↓

(* Let $\alpha\in(0,1)$, $p>0$, and let $(X_k)_{k\ge1}$ be real numbers. For all integers $f\ge1$, $u\ge0$: $$S^{(1)}_2(f+u,f)=\sum_{v=0}^{u}S^{(1)}_3(f+u,f,v),\qquad S^{(2)}_2(f+u,f)=\sum_{v=0}^{u}S^{(2)}_3(f+u,f,v),$$ and for $0\le v\le u$, $$S^{(1)}_3(f+u,f,v)=\alpha\binom{f+v-1}{f-1}\,pX_{2f}\,S^{(2)}(u,v),\qquad S^{(2)}_3(f+u,f,v)=(1-\alpha)\binom{f+v-1}{f-1}\,pX_{2f}\,S^{(1)}(u,v).$$
   Context: A closed walk of length $k$ is a sequence $w=(w_1,\dots,w_k,w_{k+1})$ of positive integers with $w_{k+1}=w_1$; its skeleton $G_w$ is the simple undirected graph with vertex set $V_w=\{w_1,\dots,w_k\}$ and edge set $E_w=\{\{w_i,w_{i+1}\}: 1\le i\le k\}$, and for $e\in E_w$, $n_w(e)$ is the number of indices $i$ with $\{w_i,w_{i+1}\}=e$. A walk is minimal if $w_1=1$ and each vertex appearing for the first time receives the number equal to the number of distinct vertices already visited plus $1$. An essential walk is a minimal closed walk whose skeleton is a tree (its length is even, $2l$; the walk of length $0$, consisting of the single vertex $1$, is included). The root is $\rho=1$, and for walks of positive length $\nu=w_2=2$. For an essential walk $w$, let $\beta(w)$ be the number of vertices of $G_w$ at even graph distance from the root, and define $$\theta_1(w)=\alpha^{\beta(w)}(1-\alpha)^{|V_w|-\beta(w)}\prod_{e\in E_w}pX_{n_w(e)},\qquad \theta_2(w)=(1-\alpha)^{\beta(w)}\alpha^{|V_w|-\beta(w)}\prod_{e\in E_w}pX_{n_w(e)}.$$ Let $\Lambda(l,r)$ be the set of essential walks of length $2l$ having exactly $r$ steps starting at the root (i.e. $r=\#\{i\le 2l: w_i=1\}$), and $S^{(j)}(l,r)=\sum_{w\in\Lambda(l,r)}\theta_j(w)$ for $j=1,2$. Let $\Lambda_2(l,r)$ be the set of walks in $\Lambda(l,r)$ whose skeleton has exactly one edge incident to the root, and $S^{(j)}_2(l,r)=\sum_{w\in\Lambda_2(l,r)}\theta_j(w)$. For $w\in\Lambda_2(f+u,f)$ let $v$ be the number of steps of $w$ starting at vertex $2$ other than the steps $2\to1$; let $\Lambda_3(f+u,f,v)$ be the set of walks in $\Lambda_2(f+u,f)$ with this value of $v$, and $S^{(j)}_3(f+u,f,v)=\sum_{w\in\Lambda_3(f+u,f,v)}\theta_j(w)$. *)

theory Defs
  imports Complex_Main
begin

text \<open>A walk w = (w_1,...,w_k,w_{k+1}) is represented by the list [w_1,...,w_{k+1}];
  its length is k = length w - 1.  Index i (1-based) corresponds to list position i-1.\<close>

definition walk_len :: "nat list \<Rightarrow> nat" where
  "walk_len w = length w - 1"

definition closed_walk :: "nat list \<Rightarrow> bool" where
  "closed_walk w \<longleftrightarrow> w \<noteq> [] \<and> (\<forall>x\<in>set w. 0 < x) \<and> last w = hd w"

definition minimal_walk :: "nat list \<Rightarrow> bool" where
  "minimal_walk w \<longleftrightarrow> w \<noteq> [] \<and> hd w = 1 \<and>
     (\<forall>i<length w. w ! i \<notin> set (take i w) \<longrightarrow> w ! i = card (set (take i w)) + 1)"

definition walk_vertices :: "nat list \<Rightarrow> nat set" where
  "walk_vertices w = set w"

definition walk_edges :: "nat list \<Rightarrow> nat set set" where
  "walk_edges w = {{w ! i, w ! (i + 1)} | i. i < walk_len w}"

definition edge_mult :: "nat list \<Rightarrow> nat set \<Rightarrow> nat" where
  "edge_mult w e = card {i. i < walk_len w \<and> {w ! i, w ! (i + 1)} = e}"

definition adj :: "'a set set \<Rightarrow> ('a \<times> 'a) set" where
  "adj E = {(x, y). {x, y} \<in> E}"

definition simple_graph :: "'a set \<Rightarrow> 'a set set \<Rightarrow> bool" where
  "simple_graph V E \<longleftrightarrow> finite V \<and> (\<forall>e\<in>E. \<exists>x y. x \<noteq> y \<and> x \<in> V \<and> y \<in> V \<and> e = {x, y})"

definition connected_graph :: "'a set \<Rightarrow> 'a set set \<Rightarrow> bool" where
  "connected_graph V E \<longleftrightarrow> (\<forall>x\<in>V. \<forall>y\<in>V. (x, y) \<in> (adj E)\<^sup>*)"

definition has_cycle :: "'a set set \<Rightarrow> bool" where
  "has_cycle E \<longleftrightarrow> (\<exists>c. distinct c \<and> 3 \<le> length c \<and>
      (\<forall>i<length c. {c ! i, c ! ((i + 1) mod length c)} \<in> E))"

definition is_tree :: "'a set \<Rightarrow> 'a set set \<Rightarrow> bool" where
  "is_tree V E \<longleftrightarrow> simple_graph V E \<and> connected_graph V E \<and> \<not> has_cycle E"

definition graph_dist :: "'a set set \<Rightarrow> 'a \<Rightarrow> 'a \<Rightarrow> nat" where
  "graph_dist E x y = (LEAST n. (x, y) \<in> (adj E) ^^ n)"

definition essential :: "nat list \<Rightarrow> bool" where
  "essential w \<longleftrightarrow> closed_walk w \<and> minimal_walk w \<and> is_tree (walk_vertices w) (walk_edges w)"

definition beta :: "nat list \<Rightarrow> nat" where
  "beta w = card {x \<in> walk_vertices w. even (graph_dist (walk_edges w) 1 x)}"

definition theta1 :: "real \<Rightarrow> real \<Rightarrow> (nat \<Rightarrow> real) \<Rightarrow> nat list \<Rightarrow> real" where
  "theta1 \<alpha> p X w = \<alpha> ^ beta w * (1 - \<alpha>) ^ (card (walk_vertices w) - beta w) *
      (\<Prod>e\<in>walk_edges w. p * X (edge_mult w e))"

definition theta2 :: "real \<Rightarrow> real \<Rightarrow> (nat \<Rightarrow> real) \<Rightarrow> nat list \<Rightarrow> real" where
  "theta2 \<alpha> p X w = (1 - \<alpha>) ^ beta w * \<alpha> ^ (card (walk_vertices w) - beta w) *
      (\<Prod>e\<in>walk_edges w. p * X (edge_mult w e))"

definition root_steps :: "nat list \<Rightarrow> nat" where
  "root_steps w = card {i. i < walk_len w \<and> w ! i = 1}"

definition Lam :: "nat \<Rightarrow> nat \<Rightarrow> nat list set" where
  "Lam l r = {w. essential w \<and> walk_len w = 2 * l \<and> root_steps w = r}"

definition Lam2 :: "nat \<Rightarrow> nat \<Rightarrow> nat list set" where
  "Lam2 l r = {w \<in> Lam l r. card {e \<in> walk_edges w. 1 \<in> e} = 1}"

definition vcount :: "nat list \<Rightarrow> nat" where
  "vcount w = card {i. i < walk_len w \<and> w ! i = 2 \<and> w ! (i + 1) \<noteq> 1}"

definition Lam3 :: "nat \<Rightarrow> nat \<Rightarrow> nat \<Rightarrow> nat list set" where
  "Lam3 l r v = {w \<in> Lam2 l r. vcount w = v}"

definition S :: "(nat list \<Rightarrow> real) \<Rightarrow> nat \<Rightarrow> nat \<Rightarrow> real" where
  "S \<theta> l r = (\<Sum>w\<in>Lam l r. \<theta> w)"

definition S2 :: "(nat list \<Rightarrow> real) \<Rightarrow> nat \<Rightarrow> nat \<Rightarrow> real" where
  "S2 \<theta> l r = (\<Sum>w\<in>Lam2 l r. \<theta> w)"

definition S3 :: "(nat list \<Rightarrow> real) \<Rightarrow> nat \<Rightarrow> nat \<Rightarrow> nat \<Rightarrow> real" where
  "S3 \<theta> l r v = (\<Sum>w\<in>Lam3 l r v. \<theta> w)"

end

theory Submission
  imports Defs
begin

text \<open>Deleting the root of a walk w in Lam2 (f + u) f, together with all visits to it, and
  relabelling x \<mapsto> x - 1 leaves an essential walk W of length 2u rooted at the old vertex 2.
  Besides the first step 1 \<rightarrow> 2, the f root steps of w are f - 1 excursions 2 \<rightarrow> 1 \<rightarrow> 2,
  distributed over the v + 1 visits of W to its root, where v = vcount w is the number of root
  steps of W.  This is a bijection between Lam3 (f + u) f v and the pairs of a weak composition
  of f - 1 into v + 1 parts and a walk in Lam u v.  Under it the edge {1, 2} gets multiplicity
  2f, all other edges keep theirs, and the vertices at even distance from the new root are the
  root itself together with the vertices at odd distance in W; so theta1 w is \<alpha> p X(2f) times
  theta2 W, and symmetrically.\<close>

section \<open>Steps and edges of a walk\<close>

definition steps :: "'a list \<Rightarrow> ('a \<times> 'a) list" where
  "steps w = zip w (tl w)"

↑

Brief: Where a line of the material above holds the string "exists", copy that line.

Response to this exercise:
  "simple_graph V E \<longleftrightarrow> finite V \<and> (\<forall>e\<in>E. \<exists>x y. x \<noteq> y \<and> x \<in> V \<and> y \<in> V \<and> e = {x, y})"
  "has_cycle E \<longleftrightarrow> (\<exists>c. distinct c \<and> 3 \<le> length c \<and>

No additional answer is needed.